0

I'm very new to python and programming in general but have enrolled in a few courses to improve my knowledge. It seems it's quite important to have a 'goal' in mind when learning and one of mine is to successfully scrape and manipulate sports data.

I would like to scrape the results from https://www.britishhorseracing.com/racing/results/ but it looks like it's dynamically loading data via JS:

There looks to be a LOT of data here, results going back ~20 years plus multiple races for each racecourse on the day. From what I've read, selenium and beautifulsoup may offer some solutions here but before I start experimenting I wanted to check with you guys how realistic this goal is/ whether it's even achivable with how the website is structing the data and some pointers for how to get started?

Any help would be hugely appreciated.

Thanks

M. Sprout
  • 45
  • 7
  • Yes, selenium and beautifulsoup will make this data fairly easy to extract. Go through some tutorials and give it a try. – Alex Hall Mar 19 '18 at 13:59
  • i would suggest starting with smaller / easier projects and then expanding, maybe create a little html site your self and try to scrape that first – Pizza lord - on strike Mar 19 '18 at 14:05

1 Answers1

0

I'm not too familiar with Selenium or BeautifulSoup, but there are other JavaScript related web scrapers. Some I know are NightmareJS, PhantomJS, and ZombieJS (All horror related haha). NightmareJS runs off of and electron Chromium instance, PhantomJS is a javascript wrapper for selenium, and zombiejs is a raw node solution. I personally would recommend using NightmareJS.

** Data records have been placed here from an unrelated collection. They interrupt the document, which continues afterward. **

lemma block_triangular_mult_hom_mat_congruence:
  fixes r :: "'a::field mat"
  assumes r: "r \<in> carrier_mat 2 2" and X: "X \<in> carrier_mat 2 n" and T: "T \<in> carrier_mat n n"
    and A: "A \<in> carrier_mat n n" and B: "B \<in> carrier_mat n n"
    and A': "A' \<in> carrier_mat n n" and B': "B' \<in> carrier_mat n n"
    and hom: "mult_hom_mat (2+n) (mult_AB n A B) (mult_AB n A' B') (four_block_mat r X (0\<^sub>m n 2) T)"
  shows "transpose_mat T * A' * T = r $$ (0,0) \<cdot>\<^sub>m A + r $$ (0,1) \<cdot>\<^sub>m B"
    and "transpose_mat T * B' * T = r $$ (1,0) \<cdot>\<^sub>m A + r $$ (1,1) \<cdot>\<^sub>m B"
proof -
  let ?P = "four_block_mat r X (0\<^sub>m n 2) T"
  have P: "?P \<in> carrier_mat (2+n) (2+n)" using hom unfolding mult_hom_mat_def by simp
  have relation: "transpose_mat T * M' * T = r $$ (a,0) \<cdot>\<^sub>m A + r $$ (a,1) \<cdot>\<^sub>m B"
    if a: "a < 2" and M': "M' \<in> carrier_mat n n"
      and M'_index: "\<And>u v. u \<in> carrier_vec (2+n) \<Longrightarrow> v \<in> carrier_vec (2+n) \<Longrightarrow>
                 mult_AB n A' B' u v $ a = vec_last u n \<bullet> (M' *\<^sub>v vec_last v n)" for a M'
  proof (rule mat_eq_by_bilinear_form)
    fix x y :: "'a vec" assume xy: "x \<in> carrier_vec n" "y \<in> carrier_vec n"
    define u where "u = 0\<^sub>v 2 @\<^sub>v x"
    define v where "v = 0\<^sub>v 2 @\<^sub>v y"
    have uv: "u \<in> carrier_vec (2+n)" "v \<in> carrier_vec (2+n)" "vec_last u n = x" "vec_last v n = y"
      using xy by (auto simp: u_def v_def vec_last_append)
    have "x \<bullet> ((transpose_mat T * M' * T) *\<^sub>v y) = (T *\<^sub>v x) \<bullet> (M' *\<^sub>v (T *\<^sub>v y))"
      using bilinear_form_congruence[OF T M' xy] ..
    also have "\<dots> = mult_AB n A' B' (?P *\<^sub>v u) (?P *\<^sub>v v) $ a"
      using M'_index[OF mult_mat_vec_carrier[OF P uv(1)] mult_mat_vec_carrier[OF P uv(2)]] r X T uv
      by (simp add: block_triangular_vec_last)
    also have "\<dots> = (?P *\<^sub>v mult_AB n A B u v) $ a"
      using hom uv unfolding mult_hom_mat_def by simp
    also have "\<dots> = x \<bullet> ((r $$ (a,0) \<cdot>\<^sub>m A + r $$ (a,1) \<cdot>\<^sub>m B) *\<^sub>v y)"
      using block_triangular_mult_mult_AB(1)[OF r X T A B uv(1,2) a] uv by simp
    finally show "x \<bullet> ((transpose_mat T * M' * T) *\<^sub>v y) = x \<bullet> ((r $$ (a,0) \<cdot>\<^sub>m A + r $$ (a,1) \<cdot>\<^sub>m B) *\<^sub>v y)" .
  qed (use T M' A B in auto)
  show "transpose_mat T * A' * T = r $$ (0,0) \<cdot>\<^sub>m A + r $$ (0,1) \<cdot>\<^sub>m B"
    by (rule relation[OF _ A' mult_AB_index(1)[OF _ _ A' B']]) simp_all
  show "transpose_mat T * B' * T = r $$ (1,0) \<cdot>\<^sub>m A + r $$ (1,1) \<cdot>\<^sub>m B"
    by (rule relation[OF _ B' mult_AB_index(2)[OF _ _ A' B']]) simp_all
qed

lemma block_diagonal_mult_hom_mat:
  fixes r :: "'a::field mat"
  assumes r: "r \<in> carrier_mat 2 2" and T: "T \<in> carrier_mat n n"
    and A: "A \<in> carrier_mat n n" and B: "B \<in> carrier_mat n n"
    and A': "A' \<in> carrier_mat n n" and B': "B' \<in> carrier_mat n n"
    and rel_A': "transpose_mat T * A' * T = r $$ (0,0) \<cdot>\<^sub>m A + r $$ (0,1) \<cdot>\<^sub>m B"
    and rel_B': "transpose_mat T * B' * T = r $$ (1,0) \<cdot>\<^sub>m A + r $$ (1,1) \<cdot>\<^sub>m B"
  shows "mult_hom_mat (2+n) (mult_AB n A B) (mult_AB n A' B') (four_block_mat r (0\<^sub>m 2 n) (0\<^sub>m n 2) T)"
  unfolding mult_hom_mat_def
proof (intro conjI ballI)
  let ?P = "four_block_mat r (0\<^sub>m 2 n) (0\<^sub>m n 2) T"
  show P: "?P \<in> carrier_mat (2+n) (2+n)" using r T by simp
  fix u v :: "'a vec" assume u: "u \<in> carrier_vec (2+n)" and v: "v \<in> carrier_vec (2+n)"
  have Puv: "?P *\<^sub>v u \<in> carrier_vec (2+n)" "?P *\<^sub>v v \<in> carrier_vec (2+n)"
    "vec_last (?P *\<^sub>v u) n = T *\<^sub>v vec_last u n" "vec_last (?P *\<^sub>v v) n = T *\<^sub>v vec_last v n"
    using P u v block_triangular_vec_last[OF r zero_carrier_mat T] by auto
  note congr = bilinear_form_congruence[OF T _ vec_last_carrier vec_last_carrier]
  show "?P *\<^sub>v mult_AB n A B u v = mult_AB n A' B' (?P *\<^sub>v u) (?P *\<^sub>v v)"
  proof (rule eq_vecI)
    fix k assume "k < dim_vec (mult_AB n A' B' (?P *\<^sub>v u) (?P *\<^sub>v v))"
    then consider "k = 0" | "k = 1" | "2 \<le> k" "k < 2+n" by fastforce
    then show "(?P *\<^sub>v mult_AB n A B u v) $ k = mult_AB n A' B' (?P *\<^sub>v u) (?P *\<^sub>v v) $ k"
    proof cases
      case 1
      then show ?thesis
        using block_triangular_mult_mult_AB(1)[OF r zero_carrier_mat T A B u v, where a=0] mult_AB_index(1)[OF Puv(1,2) A' B']
          congr[OF A', of u v] by (simp add: Puv rel_A')
    next
      case 2
      then show ?thesis
        using block_triangular_mult_mult_AB(1)[OF r zero_carrier_mat T A B u v, where a=1] mult_AB_index(2)[OF Puv(1,2) A' B']
          congr[OF B', of u v] by (simp add: Puv rel_B')
    next
      case 3
      then show ?thesis
        using block_triangular_mult_mult_AB(2)[OF r zero_carrier_mat T A B u v] by (simp add: mult_AB_index_ge_2)
    qed
  qed (use r T in simp)
qed

lemma mult_AB_isomorphism_imp_pair_equiv:
  fixes P Q :: "'a::field mat"
  assumes P: "mult_hom_mat (2+n) (mult_AB n A B) (mult_AB n A' B') P"
    and Q: "mult_hom_mat (2+n) (mult_AB n A' B') (mult_AB n A B) Q"
    and PQ: "P * Q = 1\<^sub>m (2+n)" and QP: "Q * P = 1\<^sub>m (2+n)"
    and A: "A \<in> carrier_mat n n" and B: "B \<in> carrier_mat n n"
    and A': "A' \<in> carrier_mat n n" and B': "B' \<in> carrier_mat n n"
    and indep: "lin_indep_pair n A B" and indep': "lin_indep_pair n A' B'"
  shows "pair_equiv n A B A' B'"
proof -
  obtain r X T where r: "r \<in> carrier_mat 2 2" and X: "X \<in> carrier_mat 2 n" and T: "T \<in> carrier_mat n n"
    and P_blocks: "P = four_block_mat r X (0\<^sub>m n 2) T"
    using mult_hom_mat_mult_AB_block_triangular[OF P A B indep] .
  obtain r' X' T' where r': "r' \<in> carrier_mat 2 2" and X': "X' \<in> carrier_mat 2 n"
    and T': "T' \<in> carrier_mat n n" and Q_blocks: "Q = four_block_mat r' X' (0\<^sub>m n 2) T'"
    using mult_hom_mat_mult_AB_block_triangular[OF Q A' B' indep'] .
  note rel = block_triangular_mult_hom_mat_congruence[OF r' X' T' A' B' A B Q[unfolded Q_blocks]]
  have rr': "r * r' = 1\<^sub>m 2" and TT': "T * T' = 1\<^sub>m n"
    using block_triangular_inverse_diagonal[OF r X T r' X' T'] PQ by (simp_all add: P_blocks Q_blocks)
  have r'r: "r' * r = 1\<^sub>m 2" and T'T: "T' * T = 1\<^sub>m n"
    using block_triangular_inverse_diagonal[OF r' X' T' r X T] QP by (simp_all add: P_blocks Q_blocks)
  have "r $$ (a,0) \<cdot>\<^sub>m (transpose_mat T' * A * T') + r $$ (a,1) \<cdot>\<^sub>m (transpose_mat T' * B * T')
      = (r * r') $$ (a,0) \<cdot>\<^sub>m A' + (r * r') $$ (a,1) \<cdot>\<^sub>m B'" if "a < 2" for a
    using that r r' A' B' by (simp add: rel smult_mat_lincomb_assoc mult_mat_index_2 del: index_mult_mat)
  moreover have "1 \<cdot>\<^sub>m A' + 0 \<cdot>\<^sub>m B' = A'" "0 \<cdot>\<^sub>m A' + 1 \<cdot>\<^sub>m B' = B'"
    using A' B' by (auto intro!: eq_matI)
  ultimately have
    "A' = r $$ (0,0) \<cdot>\<^sub>m (transpose_mat T' * A * T') + r $$ (0,1) \<cdot>\<^sub>m (transpose_mat T' * B * T')"
    "B' = r $$ (1,0) \<cdot>\<^sub>m (transpose_mat T' * A * T') + r $$ (1,1) \<cdot>\<^sub>m (transpose_mat T' * B * T')"
    by (simp_all add: rr')
  moreover have "invertible_mat T'" "invertible_mat r"
    using invertible_mat_of_inverse T T' TT' T'T r r' rr' r'r by blast+
  ultimately show ?thesis
    unfolding pair_equiv_def using T' r by blast
qed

However if you need to run NightmareJS on a server that is a whole different ball park. NightmareJS requires there to be graphics interface. There are modules that allow NightmareJS to be ran on a terminal instance however. If would would rather avoid that, then you should be fine installing PhantomJS on the server and use that.

With nightmare JS there is a scroll option that probably would trigger the rest of the data to load.

Here is an issue found of github. Some solutions are provided there.

If you would rather still use something like selenium or python, I'm pretty sure there ought to be some documentation describing how to scroll a page.

I was originally going to say you could use the API network call that BHA does by looking in the developer network tools, however looking at the API quick you need some authentication with the API.

Andrew Gremlich
  • 353
  • 4
  • 7